Probably you intened to define $g(x)$ as the limit of $f(x_n)$, which can be defined by completeness. However this $g(x)$ is not well-defined, since $\lim_{n\to\infty} f(x_n)$ may vary when we take different sequence $x_n\to x$. So you need to prove the well-definedness of $g$, and it can be verified using uniform continuity of $f$. It's not necessary to restrict the distance of $x_n$ and $x$ to be less than $1/n$.
The rest part of your proof is correct. I just would like to point out that no additional condition is needed to $x_n$ and $x_n ^0$, except convergence to corresponding points.

The well-definedness of $g$ can be established as follows: Take $\delta>0$ to satisfty $p(f(x),f(y))<\epsilon$ if $d(x,y)<\delta$. Now assume that $x_n\to x$ and $y_n\to x$. Then, by the uniform continuity of $f$, there is a natural number $N$ such that $d(x_n ,x)<\delta /2$ and $d(y_n ,x)<\delta /2$ for every $n>N$.

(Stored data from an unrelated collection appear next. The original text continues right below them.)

lemma Bernstein_sample_size:
  fixes \<epsilon> \<delta> q :: real
  assumes "0 < \<epsilon>" "0 < \<delta>" "\<delta> < 1" "0 \<le> q" "q \<le> 1"
    and l: "l = nat \<lceil>(2 / (3 * \<epsilon>) + 1 / (4 * \<epsilon>\<^sup>2)) * ln (2 / \<delta>)\<rceil>"
  shows "0 < l"
    "exp (- (real l * (\<epsilon> * (1 + q))\<^sup>2 / (2 * (q - q\<^sup>2 + \<epsilon> * (1 + q) / 3)))) \<le> \<delta> / 2"
proof -
  define K where "K = 2 / (3 * \<epsilon>) + 1 / (4 * \<epsilon>\<^sup>2)"
  define X where "X = (\<epsilon> * (1 + q))\<^sup>2 / (2 * (q - q\<^sup>2 + \<epsilon> * (1 + q) / 3))"
  have "q\<^sup>2 \<le> q" using assms(4,5) by (simp add: power2_eq_square mult_left_le)
  have "ln (2 / \<delta>) > 0" using assms(2,3) by simp
  then have "K * ln (2 / \<delta>) > 0" unfolding K_def using assms(1) by (intro mult_pos_pos add_pos_pos) auto
  then show "0 < l" unfolding l K_def[symmetric] by simp
  define D where "D = 2 * (q - q\<^sup>2 + \<epsilon> * (1 + q) / 3)"
  have "D > 0" unfolding D_def using \<open>q\<^sup>2 \<le> q\<close> assms(1,4) by (simp add: add_nonneg_pos)
  then have "X \<ge> 0" unfolding X_def D_def[symmetric] by simp
  have "(\<epsilon> * (1 + q))\<^sup>2 * K - D = (3 * q - 1)\<^sup>2 / 4 + 2 * \<epsilon> * q * (1 + q) / 3"
    using assms(1) unfolding K_def D_def by (simp add: field_simps power2_eq_square)
  also have "\<dots> \<ge> 0" using assms(1,4) by simp
  finally have "D \<le> (\<epsilon> * (1 + q))\<^sup>2 * K" by simp
  then have "1 \<le> X * K" unfolding X_def D_def[symmetric] using \<open>D > 0\<close> by (simp add: le_divide_eq)
  then have "ln (2 / \<delta>) \<le> K * ln (2 / \<delta>) * X"
    using \<open>ln (2 / \<delta>) > 0\<close> by (simp add: mult_le_cancel_left1 mult.commute mult.left_commute)
  also have "\<dots> \<le> real l * X"
    unfolding l K_def[symmetric] using \<open>X \<ge> 0\<close> by (intro mult_right_mono) linarith+
  finally show "exp (- (real l * (\<epsilon> * (1 + q))\<^sup>2 / (2 * (q - q\<^sup>2 + \<epsilon> * (1 + q) / 3)))) \<le> \<delta> / 2"
    using exp_minus_le_half[OF assms(2)] unfolding X_def by simp
qed

lemma omega_bar_offdiag_concentration:
  fixes E :: "('n::finite \<times> 'n) set" and \<epsilon> \<delta> :: real
  assumes loopless: "\<forall>i. (i, i) \<notin> E" and "0 < \<epsilon>" "0 < \<delta>" "\<delta> < 1" "i \<noteq> j"
    and l: "l = nat \<lceil>(1 / (2 + real (outdeg E j))^2) * (1 / (2 * \<epsilon>^2) + 2 / (3 * \<epsilon>)) * ln (2 / \<delta>)\<rceil>"
  shows "measure_pmf.prob (forest_samples E l)
          {phis. forest_matrix E $ i $ j - \<epsilon> \<le> omega_bar E l phis i j \<and>
                 omega_bar E l phis i j \<le> forest_matrix E $ i $ j + \<epsilon>} \<ge> 1 - \<delta>"
proof -
  define U where "U = pmf_of_set (conv_forests E)"
  define c where "c = 1 / (2 + real (outdeg E j))"
  define g where "g F = c * (omega_hat F i j + (\<Sum>k\<in>in_nbrs E j. omega_hat F i k))" for F
  have "c > 0" by (simp add: c_def)
  have fin: "finite (set_pmf U)" by (simp add: U_def set_pmf_uniform_forests)
  have "j \<notin> in_nbrs E j" using loopless by (simp add: in_nbrs_def)
  then have "g F = c * of_bool (root_of F i \<in> insert j (in_nbrs E j))" for F
    unfolding g_def using sum_omega_hat[of "insert j (in_nbrs E j)" F i] by simp
  then have g_bounds: "0 \<le> g F \<and> g F \<le> c" if "F \<in> set_pmf U" for F using \<open>c > 0\<close> by simp
  have "measure_pmf.expectation U g
      = c * (forest_matrix E $ i $ j + (\<Sum>k\<in>in_nbrs E j. forest_matrix E $ i $ k))"
    unfolding g_def U_def using fin[unfolded U_def]
    by (simp add: integrable_measure_pmf_finite expectation_omega_hat expectation_sum_omega_hat)
  also have "\<dots> = forest_matrix E $ i $ j"
    using \<open>i \<noteq> j\<close> by (simp add: sum_in_nbrs_forest_matrix c_def field_simps)
  finally have mean: "measure_pmf.expectation U g = forest_matrix E $ i $ j" .
  have "c\<^sup>2 = 1 / (2 + real (outdeg E j))^2" by (simp add: c_def power_one_over)
  note size = Hoeffding_sample_size[OF \<open>0 < \<epsilon>\<close> \<open>0 < \<delta>\<close> \<open>\<delta> < 1\<close> \<open>c > 0\<close> l[folded this]]
  have "omega_bar E l phis i j = 1 / real l * (\<Sum>t<l. g (phis t))" for phis
    using \<open>i \<noteq> j\<close> by (simp add: omega_bar_def g_def c_def sum_distrib_left)
  then show ?thesis
    using Hoeffding_sample_mean[where g = g and d = "{}", OF fin g_bounds \<open>c > 0\<close> \<open>0 < \<epsilon>\<close> size(1)] size(2)
    unfolding forest_samples_def U_def[symmetric] mean by simp
qed

lemma indicator_variance:
  fixes p :: "'a pmf" and B :: "'a \<Rightarrow> real"
  assumes fin: "finite (set_pmf p)" and B: "\<And>x. B x = 0 \<or> B x = 1"
  shows "0 \<le> measure_pmf.expectation p B" "measure_pmf.expectation p B \<le> 1"
    "measure_pmf.expectation p (\<lambda>x. (B x - measure_pmf.expectation p B)\<^sup>2)
       = measure_pmf.expectation p B - (measure_pmf.expectation p B)\<^sup>2"
proof -
  define q where "q = measure_pmf.expectation p B"
  have int: "integrable (measure_pmf p) f" for f :: "'a \<Rightarrow> real"
    by (rule integrable_measure_pmf_finite[OF fin])
  have "0 \<le> B x" "B x \<le> 1" for x using B[of x] by auto
  then show "0 \<le> measure_pmf.expectation p B" by (intro integral_nonneg_AE AE_I2)
  have "measure_pmf.expectation p B \<le> measure_pmf.expectation p (\<lambda>_. 1)"
    by (rule integral_mono[OF int int]) (simp add: \<open>\<And>x. B x \<le> 1\<close>)
  then show "measure_pmf.expectation p B \<le> 1" by simp
  have "(\<lambda>x. (B x - q)\<^sup>2) = (\<lambda>x. (1 - 2 * q) * B x + q\<^sup>2)"
    using B by (auto simp: fun_eq_iff power2_eq_square algebra_simps)
  then have "measure_pmf.expectation p (\<lambda>x. (B x - q)\<^sup>2) = (1 - 2 * q) * q + q\<^sup>2"
    by (simp add: int q_def)
  then show "measure_pmf.expectation p (\<lambda>x. (B x - measure_pmf.expectation p B)\<^sup>2)
      = measure_pmf.expectation p B - (measure_pmf.expectation p B)\<^sup>2"
    unfolding q_def by (simp add: power2_eq_square algebra_simps)
qed

lemma omega_bar_diag_concentration:
  fixes E :: "('n::finite \<times> 'n) set" and \<epsilon> \<delta> :: real
  assumes "0 < \<epsilon>" "0 < \<delta>" "\<delta> < 1"
    and l: "l = nat \<lceil>(2 / (3 * \<epsilon>) + 1 / (4 * \<epsilon>^2)) * ln (2 / \<delta>)\<rceil>"
  shows "measure_pmf.prob (forest_samples E l)
          {phis. (1 - \<epsilon>) * forest_matrix E $ i $ i \<le> omega_bar E l phis i i \<and>
                 omega_bar E l phis i i \<le> (1 + \<epsilon>) * forest_matrix E $ i $ i} \<ge> 1 - \<delta>"
proof -
  define U where "U = pmf_of_set (conv_forests E)"
  define c where "c = 1 / (1 + real (outdeg E i))"
  define B where "B F = (\<Sum>k\<in>in_nbrs E i. omega_hat F i k)" for F
  define q where "q = measure_pmf.expectation U B"
  define g where "g F = c * (1 + B F)" for F
  have "c > 0" by (simp add: c_def)
  have fin: "finite (set_pmf U)" by (simp add: U_def set_pmf_uniform_forests)
  have int: "integrable (measure_pmf U) f" for f :: "_ \<Rightarrow> real"
    by (rule integrable_measure_pmf_finite[OF fin])
  have "B F = 0 \<or> B F = 1" for F by (simp add: B_def sum_omega_hat)
  note B = indicator_variance[where B = B, OF fin this, folded q_def]
  have "q = (\<Sum>k\<in>in_nbrs E i. forest_matrix E $ i $ k)"
    unfolding q_def B_def U_def by (rule expectation_sum_omega_hat)
  then have "c * (1 + q) = forest_matrix E $ i $ i"
    unfolding c_def by (simp add: sum_in_nbrs_forest_matrix field_simps)
  moreover have "measure_pmf.expectation U g = c * (1 + q)" unfolding g_def q_def by (simp add: int)
  ultimately have mean: "measure_pmf.expectation U g = forest_matrix E $ i $ i" by simp
  have dev: "g F - measure_pmf.expectation U g = c * (B F - q)" for F
    by (simp add: g_def \<open>measure_pmf.expectation U g = c * (1 + q)\<close> algebra_simps)
  have "\<bar>B F - q\<bar> \<le> 1" for F using B(1,2) \<open>B F = 0 \<or> B F = 1\<close> by auto
  then have g_bnd: "\<bar>g F - measure_pmf.expectation U g\<bar> \<le> c" if "F \<in> set_pmf U" for F
    using \<open>c > 0\<close> by (simp add: dev abs_mult)
  have g_var: "measure_pmf.expectation U (\<lambda>F. (g F - measure_pmf.expectation U g)\<^sup>2) \<le> c\<^sup>2 * (q - q\<^sup>2)"
    using B(3) by (simp add: dev power_mult_distrib int)
  have "q\<^sup>2 \<le> q" using B(1,2) by (simp add: power2_eq_square mult_left_le)
  note size = Bernstein_sample_size[OF \<open>0 < \<epsilon>\<close> \<open>0 < \<delta>\<close> \<open>\<delta> < 1\<close> B(1,2) l]
  have "0 < \<epsilon> * (1 + q)" using \<open>0 < \<epsilon>\<close> B(1) by simp
  from Bernstein_sample_mean[where g = g and d = "{}", OF fin g_bnd g_var \<open>c > 0\<close> _ this size]
    \<open>q\<^sup>2 \<le> q\<close>
  have "1 - \<delta> \<le> measure_pmf.prob (Pi_pmf {..<l} {} (\<lambda>_. U))
      {\<phi>. (1 - \<epsilon>) * forest_matrix E $ i $ i \<le> 1 / real l * (\<Sum>s<l. g (\<phi> s)) \<and>
          1 / real l * (\<Sum>s<l. g (\<phi> s)) \<le> (1 + \<epsilon>) * forest_matrix E $ i $ i}"
    unfolding mean \<open>c * (1 + q) = forest_matrix E $ i $ i\<close>[symmetric] by (simp add: algebra_simps)
  moreover have "omega_bar E l phis i i = 1 / real l * (\<Sum>t<l. g (phis t))" for phis
    by (simp add: omega_bar_def g_def B_def c_def sum_distrib_left)
  ultimately show ?thesis unfolding forest_samples_def U_def by simp
qed

theorem theorem4p5:
  fixes E :: "('n::finite \<times> 'n) set" and \<epsilon> \<delta> :: real
  assumes simple: "\<forall>i. (i, i) \<notin> E"
    and eps: "0 < \<epsilon>" "\<epsilon> < 1" and del: "0 < \<delta>" "\<delta> < 1"
  shows
    "(\<forall>i j l. i \<noteq> j \<longrightarrow>
        l = nat \<lceil>(1 / (2 + real (outdeg E j))^2) * (1 / (2 * \<epsilon>^2) + 2 / (3 * \<epsilon>)) * ln (2 / \<delta>)\<rceil> \<longrightarrow>
        measure_pmf.prob (forest_samples E l)
          {phis. forest_matrix E $ i $ j - \<epsilon> \<le> omega_bar E l phis i j \<and>
                 omega_bar E l phis i j \<le> forest_matrix E $ i $ j + \<epsilon>} \<ge> 1 - \<delta>)
   \<and>
     (\<forall>i l.
        l = nat \<lceil>(2 / (3 * \<epsilon>) + 1 / (4 * \<epsilon>^2)) * ln (2 / \<delta>)\<rceil> \<longrightarrow>
        measure_pmf.prob (forest_samples E l)
          {phis. (1 - \<epsilon>) * forest_matrix E $ i $ i \<le> omega_bar E l phis i i \<and>
                 omega_bar E l phis i i \<le> (1 + \<epsilon>) * forest_matrix E $ i $ i} \<ge> 1 - \<delta>)"
  using omega_bar_offdiag_concentration[OF simple eps(1) del] omega_bar_diag_concentration[OF eps(1) del]
  by blast

end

To sum up, for every $\epsilon>0$ there is a $N$ such that $p(f(x_n),f(y_n))<\epsilon$ for every $n>N$. Now put $c=\lim_{n\to\infty} f(x_n)$ and take integers $M_1 ,M_2$ such that
$$n>M_1 \Rightarrow p(f(x_n),c)<\epsilon/2$$
$$n>M_2 \Rightarrow p(f(x_n),f(y_n))<\epsilon/2$$
Then for every $n>\max (M_1,M_2)$, $p(f(y_n),c)<\epsilon$. Hence $f(y_n)\to c$.